Over the years I have wrestled with evangelism.  Not so much the doing of it, but the guilt of it, or better said, the guilt of not doing it.  Looking back in the history of my congregation as we prepare for our 125th anniversary, I noticed huge evangelism pushes back into the 1960's, and no doubt beyond.  It was "Church Growth" and "web evangelism"  and things of this sort by the 80's when my ministry started.  I remember going down to Ann Arbor to be trained in the Dialog Evangelism II program that had just been launched.  They took D.James Kennedy's work and reworked it again from Biesenthal's prior reworking, changing the "dialog questions" to reflect the new realities they observed in the population.  By the time I arrived out here in the country in 2000 Evangelism as a 'program' seemed much on the wane.  At any rate, one finds it difficult to carry out traditional door-to-door methods when your neighbors are mostly a half mile separated from each other, not to mention the fact that catching people home in the evening no longer is a given.  Nevertheless, St. Peter congregation has not ceased proclaiming the Gospel, and last Sunday I brought into membership a man who had spent much of his adult life outside the church.  This Sunday or maybe next I might bring in a couple who went through adult instruction and found our church as people who lived in the area and felt at home here since he was a Catholic and she was Nazarene.
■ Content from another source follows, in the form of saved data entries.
(* Let $G$ be a group (identity $e$), $H$ an abelian group (written additively), and $f:G\to H$ satisfy $f(xy)+f(xy^{-1})=2f(x)$ for all $x,y\in G$, with $f(e)=0$. If $g\in G$ can be written as a product of involutions (elements $i$ with $i^2=e$), then $2f(g)=0$. In particular, if $G$ is generated by involutions, then $2f(g)=0$ for all $g\in G$. *)

theory Defs
  imports "HOL-Algebra.Algebra"
begin

definition involutions :: "('a, 'b) monoid_scheme \<Rightarrow> 'a set" where
  "involutions G = {i \<in> carrier G. i \<otimes>\<^bsub>G\<^esub> i = \<one>\<^bsub>G\<^esub>}"

definition prod_of_involutions :: "('a, 'b) monoid_scheme \<Rightarrow> 'a \<Rightarrow> bool" where
  "prod_of_involutions G g \<longleftrightarrow>
     (\<exists>is. set is \<subseteq> involutions G \<and> g = foldr (\<lambda>a b. a \<otimes>\<^bsub>G\<^esub> b) is \<one>\<^bsub>G\<^esub>)"

end

theory Submission
  imports Defs
begin

text \<open>Putting \<open>y = i\<close> with \<open>i = i\<inverse>\<close> in the equation gives \<open>2 f(x i) = 2 f(x)\<close>: doubling \<open>f\<close>
  is invariant under right multiplication by involutions. Peeling the involutions off a
  product \<open>i\<^sub>1 \<cdots> i\<^sub>n\<close> from the right therefore reduces \<open>2 f(i\<^sub>1 \<cdots> i\<^sub>n)\<close> to \<open>2 f(e) = 0\<close>.
  Since involutions are self-inverse, the subgroup they generate consists of such products.\<close>

lemma (in monoid) multlist_append:
  assumes "set xs \<subseteq> carrier G" and "set ys \<subseteq> carrier G"
  shows "foldr (\<otimes>) (xs @ ys) \<one> = foldr (\<otimes>) xs \<one> \<otimes> foldr (\<otimes>) ys \<one>"
  using assms by (induction xs) (simp_all add: m_assoc)

lemma involution_closed: "i \<in> involutions G \<Longrightarrow> i \<in> carrier G"
  unfolding involutions_def by auto

lemma (in group) inv_involution:
  assumes "i \<in> involutions G"
  shows "inv i = i"
  using assms inv_equality unfolding involutions_def by auto

lemma (in monoid) prod_of_involutions_mult:
  assumes "prod_of_involutions G g" and "prod_of_involutions G h"
  shows "prod_of_involutions G (g \<otimes> h)"
proof -
  obtain xs ys where xs: "set xs \<subseteq> involutions G" "g = foldr (\<otimes>) xs \<one>"
    and ys: "set ys \<subseteq> involutions G" "h = foldr (\<otimes>) ys \<one>"
    using assms unfolding prod_of_involutions_def by blast
  have "set xs \<subseteq> carrier G" "set ys \<subseteq> carrier G"
    using xs(1) ys(1) by (auto intro: involution_closed)
  then have "g \<otimes> h = foldr (\<otimes>) (xs @ ys) \<one>"
    using xs(2) ys(2) by (simp add: multlist_append del: foldr_append)
  with xs(1) ys(1) show ?thesis
    unfolding prod_of_involutions_def by (intro exI[of _ "xs @ ys"]) auto
qed

lemma (in group) generate_involutions_prod_of_involutions:
  assumes "g \<in> generate G (involutions G)"
  shows "prod_of_involutions G g"
  using assms
proof (induction rule: generate.induct)
  case one
  show ?case unfolding prod_of_involutions_def by (intro exI[of _ "[]"]) simp
next
  case (incl i)
  then show ?case
    unfolding prod_of_involutions_def
    by (intro exI[of _ "[i]"]) (auto simp: involution_closed)
next
  case (inv i)
  then show ?case
    unfolding prod_of_involutions_def
    by (intro exI[of _ "[i]"]) (auto simp: inv_involution involution_closed)
next
  case (eng g h)
  from eng.IH show ?case by (rule prod_of_involutions_mult)
qed

locale jensen_map = G: group G + H: monoid H
  for G :: "('a, 'c) monoid_scheme" and H :: "('b, 'd) monoid_scheme" and f :: "'a \<Rightarrow> 'b" +
  assumes jensen: "\<lbrakk>x \<in> carrier G; y \<in> carrier G\<rbrakk> \<Longrightarrow>
      f (x \<otimes>\<^bsub>G\<^esub> y) \<otimes>\<^bsub>H\<^esub> f (x \<otimes>\<^bsub>G\<^esub> inv\<^bsub>G\<^esub> y) = f x \<otimes>\<^bsub>H\<^esub> f x"
    and map_one: "f \<one>\<^bsub>G\<^esub> = \<one>\<^bsub>H\<^esub>"
begin

lemma square_mult_involution:
  assumes "g \<in> carrier G" and "i \<in> involutions G"
  shows "f (g \<otimes>\<^bsub>G\<^esub> i) \<otimes>\<^bsub>H\<^esub> f (g \<otimes>\<^bsub>G\<^esub> i) = f g \<otimes>\<^bsub>H\<^esub> f g"
  using jensen[of g i] assms by (simp add: involution_closed G.inv_involution)

lemma square_multlist_involutions:
  assumes "set is \<subseteq> involutions G"
  shows "f (foldr (\<otimes>\<^bsub>G\<^esub>) is \<one>\<^bsub>G\<^esub>) \<otimes>\<^bsub>H\<^esub> f (foldr (\<otimes>\<^bsub>G\<^esub>) is \<one>\<^bsub>G\<^esub>) = \<one>\<^bsub>H\<^esub>"
  using assms
proof (induction "is" rule: rev_induct)
  case Nil
  show ?case by (simp add: map_one)
next
  case (snoc i "is")
  have carr: "set is \<subseteq> carrier G" "i \<in> carrier G"
    using snoc.prems by (auto intro: involution_closed)
  then have "foldr (\<otimes>\<^bsub>G\<^esub>) (is @ [i]) \<one>\<^bsub>G\<^esub> = foldr (\<otimes>\<^bsub>G\<^esub>) is \<one>\<^bsub>G\<^esub> \<otimes>\<^bsub>G\<^esub> i"
    using G.multlist_append[of "is" "[i]"] by simp
  with snoc carr show ?case
    using square_mult_involution[of "foldr (\<otimes>\<^bsub>G\<^esub>) is \<one>\<^bsub>G\<^esub>" i] by simp
qed

lemma square_prod_of_involutions:
  assumes "prod_of_involutions G g"
  shows "f g \<otimes>\<^bsub>H\<^esub> f g = \<one>\<^bsub>H\<^esub>"
  using assms square_multlist_involutions unfolding prod_of_involutions_def by auto

end

theorem mainTheorem3:
  fixes G :: "('a, 'c) monoid_scheme" and H :: "('b, 'd) monoid_scheme" and f :: "'a \<Rightarrow> 'b"
  assumes "group G" and "comm_group H"
    and "f \<in> carrier G \<rightarrow> carrier H"
    and "\<forall>x\<in>carrier G. \<forall>y\<in>carrier G.
           f (x \<otimes>\<^bsub>G\<^esub> y) \<otimes>\<^bsub>H\<^esub> f (x \<otimes>\<^bsub>G\<^esub> inv\<^bsub>G\<^esub> y) = f x \<otimes>\<^bsub>H\<^esub> f x"
    and "f \<one>\<^bsub>G\<^esub> = \<one>\<^bsub>H\<^esub>"
  shows "(\<forall>g\<in>carrier G. prod_of_involutions G g \<longrightarrow> f g \<otimes>\<^bsub>H\<^esub> f g = \<one>\<^bsub>H\<^esub>)
       \<and> (generate G (involutions G) = carrier G \<longrightarrow>
            (\<forall>g\<in>carrier G. f g \<otimes>\<^bsub>H\<^esub> f g = \<one>\<^bsub>H\<^esub>))"
proof -
  interpret H: comm_group H by fact
  interpret jensen_map G H f
    using assms by (intro jensen_map.intro) (auto simp: jensen_map_axioms_def)
  show ?thesis
    using square_prod_of_involutions G.generate_involutions_prod_of_involutions by blast
qed

end
(* The group $\operatorname{IET}^{\bowtie}$ is generated by the images of flips.
   Context: $X=[0,1[$. $\widehat{\operatorname{IET}^{\bowtie}}$ is the group of bijections $f:X\to X$ for which there is a finite partition of $X$ into intervals $[a,b[$ such that on each open interval $]a,b[$, $f$ is of the form $x\mapsto x+c$ or $x\mapsto -x+c$. ${\mathfrak S}_{\mathrm{fin}}$ is its normal subgroup of finitely supported permutations and $\operatorname{IET}^{\bowtie}=\widehat{\operatorname{IET}^{\bowtie}}/{\mathfrak S}_{\mathrm{fin}}$. For a nonempty interval $I=[a,b[\subseteq X$, the $I$-flip is the bijection of $X$ mapping $x\mapsto a+b-x$ on $]a,b[$ and fixing every other point; a flip is an $I$-flip for some such $I$, and "images of flips" means their images in $\operatorname{IET}^{\bowtie}$. *)

theory Defs
  imports "HOL-Algebra.Algebra"
begin

definition IX :: "real set" where "IX = {0..<1}"

definition piecewise_isom :: "(real \<Rightarrow> real) \<Rightarrow> bool" where
  "piecewise_isom f \<longleftrightarrow> (\<exists>P :: (real \<times> real) set. finite P \<and>
      (\<forall>(a,b)\<in>P. a < b) \<and>
      (\<Union>(a,b)\<in>P. {a..<b}) = IX \<and>
      (\<forall>p\<in>P. \<forall>q\<in>P. p \<noteq> q \<longrightarrow> {fst p..<snd p} \<inter> {fst q..<snd q} = {}) \<and>
      (\<forall>(a,b)\<in>P. \<exists>c. (\<forall>x\<in>{a<..<b}. f x = x + c) \<or> (\<forall>x\<in>{a<..<b}. f x = - x + c)))"

definition IETh_carrier :: "(real \<Rightarrow> real) set" where
  "IETh_carrier = {f. bij_betw f IX IX \<and> (\<forall>x. x \<notin> IX \<longrightarrow> f x = x) \<and> piecewise_isom f}"

definition IETh :: "(real \<Rightarrow> real) monoid" where
  "IETh = \<lparr>carrier = IETh_carrier, monoid.mult = (\<lambda>f g. f \<circ> g), one = id\<rparr>"

definition Sfin :: "(real \<Rightarrow> real) set" where
  "Sfin = {f \<in> IETh_carrier. finite {x. f x \<noteq> x}}"

definition IET :: "(real \<Rightarrow> real) set monoid" where
  "IET = IETh Mod Sfin"

definition flip :: "real \<Rightarrow> real \<Rightarrow> real \<Rightarrow> real" where
  "flip a b x = (if a < x \<and> x < b then a + b - x else x)"

definition flips :: "(real \<Rightarrow> real) set" where
  "flips = {flip a b | a b. 0 \<le> a \<and> a < b \<and> b \<le> 1}"

end

theory Submission
  imports Defs
begin

(* Every element of the group agrees with a product of flips outside a finite set. Suppose f is the
   identity on [0,t) up to finitely many points, and let b be the first breakpoint of f after t. Being
   a bijection, f maps ]t,b[ isometrically onto some ]p,q[ inside [t,1]. The three flips rotating
   [t,q) (exchanging the blocks [t,p) and [p,q)), followed if necessary by the flip of ]t,b[, turn f
   into a map that is the identity on [0,b) up to finitely many points; the other pieces of f land in
   [t,p) or [q,1), where the rotation is a translation, so no breakpoint is created above b, and
   induction on the number of breakpoints concludes. The inverse of a product of flips is again one,
   so the same description shows that the group is closed under inverses. *)

section \<open>Piecewise isometries and their breakpoints\<close>

definition isom_on :: "(real \<Rightarrow> real) \<Rightarrow> real \<Rightarrow> real \<Rightarrow> bool" where
  "isom_on f u v \<longleftrightarrow> (\<exists>c. (\<forall>x\<in>{u<..<v}. f x = x + c) \<or> (\<forall>x\<in>{u<..<v}. f x = - x + c))"

definition isom_on_gaps :: "(real \<Rightarrow> real) \<Rightarrow> real \<Rightarrow> real set \<Rightarrow> bool" where
  "isom_on_gaps f t B \<longleftrightarrow>
     (\<forall>u v. t \<le> u \<longrightarrow> u < v \<longrightarrow> v \<le> 1 \<longrightarrow> {u<..<v} \<inter> B = {} \<longrightarrow> isom_on f u v)"

lemma isom_on_subinterval: "isom_on f u v \<Longrightarrow> u \<le> u' \<Longrightarrow> v' \<le> v \<Longrightarrow> isom_on f u' v'"
  unfolding isom_on_def by (meson greaterThanLessThan_iff less_le_trans le_less_trans)

lemma isom_on_cong: "isom_on f u v \<Longrightarrow> (\<And>x. x \<in> {u<..<v} \<Longrightarrow> g x = f x) \<Longrightarrow> isom_on g u v"
  unfolding isom_on_def by auto

lemma isom_on_comp:
  assumes "isom_on g u v" "isom_on f a b" "g ` {u<..<v} \<subseteq> {a<..<b}"
  shows "isom_on (f \<circ> g) u v"
proof -
  obtain c where c: "(\<forall>x\<in>{u<..<v}. g x = x + c) \<or> (\<forall>x\<in>{u<..<v}. g x = - x + c)"
    using assms(1) unfolding isom_on_def by blast
  obtain d where d: "(\<forall>y\<in>{a<..<b}. f y = y + d) \<or> (\<forall>y\<in>{a<..<b}. f y = - y + d)"
    using assms(2) unfolding isom_on_def by blast
  have g_in: "g x \<in> {a<..<b}" if "x \<in> {u<..<v}" for x
    using assms(3) that by blast
  from c d show ?thesis
  proof (elim disjE)
    assume "\<forall>x\<in>{u<..<v}. g x = x + c" "\<forall>y\<in>{a<..<b}. f y = y + d"
    then have "\<forall>x\<in>{u<..<v}. f (g x) = x + (c + d)" using g_in by (simp add: add.assoc)
    then show ?thesis unfolding isom_on_def by auto
  next
    assume "\<forall>x\<in>{u<..<v}. g x = x + c" "\<forall>y\<in>{a<..<b}. f y = - y + d"
    then have "\<forall>x\<in>{u<..<v}. f (g x) = - x + (d - c)" using g_in by simp
    then show ?thesis unfolding isom_on_def by auto
  next
    assume "\<forall>x\<in>{u<..<v}. g x = - x + c" "\<forall>y\<in>{a<..<b}. f y = y + d"
    then have "\<forall>x\<in>{u<..<v}. f (g x) = - x + (c + d)" using g_in by simp
    then show ?thesis unfolding isom_on_def by auto
  next
    assume "\<forall>x\<in>{u<..<v}. g x = - x + c" "\<forall>y\<in>{a<..<b}. f y = - y + d"
    then have "\<forall>x\<in>{u<..<v}. f (g x) = x + (d - c)" using g_in by simp
    then show ?thesis unfolding isom_on_def by auto
  qed
qed

lemma image_add_Ioo: "(\<lambda>x. x + c) ` {u<..<v} = {u + c<..<v + (c::real)}"
  by (auto intro: image_eqI[where x = "y - c" for y])

lemma image_neg_add_Ioo: "(\<lambda>x. - x + c) ` {u<..<v} = {c - v<..<c - (u::real)}"
  by (auto intro: image_eqI[where x = "c - y" for y])

lemma isom_on_image:
  assumes "isom_on f u v"
  shows "\<exists>a. f ` {u<..<v} = {a<..<a + (v - u)}"
proof -
  obtain c where "(\<forall>x\<in>{u<..<v}. f x = x + c) \<or> (\<forall>x\<in>{u<..<v}. f x = - x + c)"
    using assms unfolding isom_on_def by blast
  then have "f ` {u<..<v} = (\<lambda>x. x + c) ` {u<..<v} \<or> f ` {u<..<v} = (\<lambda>x. - x + c) ` {u<..<v}"
    by (metis (no_types, lifting) image_cong)
  then have "f ` {u<..<v} = {u + c<..<v + c} \<or> f ` {u<..<v} = {c - v<..<c - u}"
    by (simp only: image_add_Ioo image_neg_add_Ioo)
  moreover have "v + c = (u + c) + (v - u)" "c - u = (c - v) + (v - u)" by simp_all
  ultimately show ?thesis by metis
qed

lemma isom_on_self_cases:
  assumes "isom_on h t b" "t < b" "h ` {t<..<b} \<subseteq> {t<..<b}"
  shows "(\<forall>x\<in>{t<..<b}. h x = x) \<or> (\<forall>x\<in>{t<..<b}. h x = flip t b x)"
proof -
  obtain c where "(\<forall>x\<in>{t<..<b}. h x = x + c) \<or> (\<forall>x\<in>{t<..<b}. h x = - x + c)"
    using assms(1) unfolding isom_on_def by blast
  then show ?thesis
  proof
    assume h: "\<forall>x\<in>{t<..<b}. h x = x + c"
    then have "h ` {t<..<b} = {t + c<..<b + c}"
      by (metis (no_types, lifting) image_cong image_add_Ioo)
    then have "c = 0"
      using assms(2,3) by (simp add: greaterThanLessThan_subseteq_greaterThanLessThan)
    then show ?thesis using h by simp
  next
    assume h: "\<forall>x\<in>{t<..<b}. h x = - x + c"
    then have "h ` {t<..<b} = {c - b<..<c - t}"
      by (metis (no_types, lifting) image_cong image_neg_add_Ioo)
    then have "c = t + b"
      using assms(2,3) by (simp add: greaterThanLessThan_subseteq_greaterThanLessThan)
    then show ?thesis using h by (simp add: flip_def)
  qed
qed

lemma isom_on_comp_outside:
  assumes "isom_on f u v" "u < v" "f ` {u<..<v} \<subseteq> {t..1}"
    and "f ` {u<..<v} \<inter> {p<..<q} = {}" "p < q" "isom_on w t p" "isom_on w q 1"
  shows "isom_on (w \<circ> f) u v"
proof -
  obtain a where img: "f ` {u<..<v} = {a<..<a + (v - u)}"
    using isom_on_image assms(1) by blast
  then have "t \<le> a" "a + (v - u) \<le> 1"
    using assms(2,3) by (simp_all add: greaterThanLessThan_subseteq_atLeastAtMost_iff)
  moreover have "a + (v - u) \<le> p \<or> q \<le> a"
    using assms(2,4,5) img by auto
  ultimately have "f ` {u<..<v} \<subseteq> {t<..<p} \<or> f ` {u<..<v} \<subseteq> {q<..<1}"
    using img assms(2) by (auto simp: greaterThanLessThan_subseteq_greaterThanLessThan)
  then show ?thesis
    using isom_on_comp[OF assms(1)] assms(6,7) by blast
qed

lemma exists_gap_around:
  fixes K :: "'a::linorder set"
  assumes "finite K" "a0 \<in> K" "a0 \<le> x" "b0 \<in> K" "x < b0"
  shows "\<exists>a\<in>K. \<exists>b\<in>K. a \<le> x \<and> x < b \<and> {a<..<b} \<inter> K = {}"
proof -
  define L where "L = {y\<in>K. y \<le> x}"
  define R where "R = {y\<in>K. x < y}"
  have L: "finite L" "L \<noteq> {}" and R: "finite R" "R \<noteq> {}"
    using assms unfolding L_def R_def by auto
  have "Max L \<in> L" "Min R \<in> R"
    using L R by simp_all
  moreover have "{Max L<..<Min R} \<inter> K = {}"
  proof (rule ccontr)
    assume "{Max L<..<Min R} \<inter> K \<noteq> {}"
    then obtain y where "y \<in> K" "Max L < y" "y < Min R" by auto
    then have "y \<in> L \<or> y \<in> R" unfolding L_def R_def by auto
    then show False
      using L R Max_ge[of L y] Min_le[of R y] \<open>Max L < y\<close> \<open>y < Min R\<close> by auto
  qed
  ultimately show ?thesis unfolding L_def R_def by blast
qed

lemma overlapping_gaps_eq:
  fixes a b a' b' :: "'a::linorder"
  assumes "a \<in> K" "b \<in> K" "a' \<in> K" "b' \<in> K" "{a<..<b} \<inter> K = {}" "{a'<..<b'} \<inter> K = {}"
    and "{a..<b} \<inter> {a'..<b'} \<noteq> {}"
  shows "a = a' \<and> b = b'"
proof -
  have "a < b'" "a' < b" using assms(7) by auto
  have "a' \<notin> {a<..<b}" "a \<notin> {a'<..<b'}" "b \<notin> {a'<..<b'}" "b' \<notin> {a<..<b}"
    using assms(1-6) by blast+
  with \<open>a < b'\<close> \<open>a' < b\<close> show ?thesis by auto
qed

lemma piecewise_isom_imp_gaps:
  assumes "piecewise_isom f"
  shows "\<exists>B. finite B \<and> isom_on_gaps f 0 B"
proof -
  obtain P :: "(real \<times> real) set" where fin: "finite P"
    and cover: "(\<Union>(a,b)\<in>P. {a..<b}) = IX"
    and isom: "\<forall>(a,b)\<in>P. isom_on f a b"
    using assms unfolding piecewise_isom_def isom_on_def by blast
  define B where "B = fst ` P \<union> snd ` P"
  have "isom_on_gaps f 0 B"
    unfolding isom_on_gaps_def
  proof (intro allI impI)
    fix u v :: real
    assume uv: "0 \<le> u" "u < v" "v \<le> 1" "{u<..<v} \<inter> B = {}"
    have "(u + v) / 2 \<in> IX" using uv unfolding IX_def by auto
    then obtain a b where ab: "(a,b) \<in> P" "(u + v) / 2 \<in> {a..<b}" using cover by blast
    then have "a \<notin> {u<..<v}" "b \<notin> {u<..<v}" using uv(4) unfolding B_def by force+
    with ab uv(2) have "a \<le> u" "v \<le> b" by auto
    with ab isom show "isom_on f u v" using isom_on_subinterval by blast
  qed
  moreover have "finite B" using fin unfolding B_def by simp
  ultimately show ?thesis by blast
qed
lemma norm_hpow_circle: "norm z = 1 \<Longrightarrow> norm (hpow t0 k z) = 1"
  unfolding hpow_def by (simp add: norm_exp)

lemma hpow_sum_eq_zero_iff:
  "(\<lambda>z. \<Sum>i<m. c i * hpow t0 (lo + 2 * int i) z) = (\<lambda>z. 0) \<longleftrightarrow> (\<forall>i<m. c i = 0)"
proof
  assume zero: "(\<lambda>z. \<Sum>i<m. c i * hpow t0 (lo + 2 * int i) z) = (\<lambda>z. 0)"
  define p where "p = (\<Sum>i<m. monom (c i) i)"
  have root: "poly p (hpow t0 2 (of_real x)) = 0" if "x > 0" for x
  proof -
    have x: "complex_of_real x \<noteq> 0"
      using that by simp
    have "hpow t0 (lo + 2 * int i) (of_real x) = hpow t0 lo (of_real x) * hpow t0 2 (of_real x) ^ i"
      for i
      using hpow_add[OF x, of t0 lo "2 * int i"] hpow_mult_exponent[OF x, of t0 i 2]
      by (simp add: mult.commute)
    then have "hpow t0 lo (of_real x) * poly p (hpow t0 2 (of_real x))
        = (\<Sum>i<m. c i * hpow t0 (lo + 2 * int i) (of_real x))"
      by (simp add: p_def poly_sum poly_monom sum_distrib_left mult.left_commute)
    also have "\<dots> = 0"
      using fun_cong[OF zero] by simp
    finally show ?thesis
      using hpow_nonzero[OF x] by simp
  qed
  have "p = 0"
  proof (rule ccontr)
    assume "p \<noteq> 0"
    then have "finite (norm ` {w. poly p w = 0})"
      using poly_roots_finite by blast
    moreover have "{0<..} \<subseteq> norm ` {w. poly p w = 0}"
      using root norm_hpow_of_real_2 by (force simp: image_iff)
    ultimately show False
      using infinite_Ioi finite_subset by blast
  qed
  moreover have "coeff p i = c i" if "i < m" for i
    using that by (simp add: p_def coeff_sum coeff_monom)
  ultimately show "\<forall>i<m. c i = 0"
    by simp
qed simp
Both are educated with graduate degrees. People of all types  come to the faith and grow in the faith even when we don't go knocking on their doors every Wednesday, and despite the fact that we don't have an organized program. Amazing.  Along those lines I appreciated a recent piece posted by Pr. Weedon on his blog:
What I have come to rejoice in is this:  our Lord did not command, "Go, fish for men!" He rather promised, "Follow me and I will make you a fisher of men."  He did not say:  "Go, witness!" He promises, "Stay in the city until you are clothed with power from on high and you will be my witnesses...to the ends of the earth."  And He does make us so:  fishers and witnesses.  As we follow Him, as we seek to love Him and to love our neighbor, serving them and honoring them and opening our mouth whenever they ask us to account for the hope that is in us, the Lord actually has use of us in bringing others to faith.  But He solidly keeps His hands on the verbs for conversion.  Not only is it true that I cannot believe by myself; I cannot give faith to a single other person out there - no matter how clever I may be in my attempts.  But I can love them, serve them, rejoice in them, and whenever they ask an account - open my mouth to declare this great joy in which we live with our sins forgiven, our death destroyed, secure in the love of a Savior who loves them too and did all this for them as well.

Have you ever been in a conversation where you had the distinct impression that the other person asked a question of you, but really wasn't listening, wasn't interested, was only waiting to talk?  How frustrating that is?  And yet that's how we've made evangelism come off too often.  What a different critter it is when our witness to the Savior comes as a result of genuine inquiry.  And with no need to pressure the person - just to share with them the love that we have come to know and rejoice in and live from - and to assure them that it is for them as much as for us.  I see that as the Lord's keeping His gracious promise to us - to make us fishers, to make us witnesses.  Gift, not demand.  Promise, not burden.  Peace, not pressure.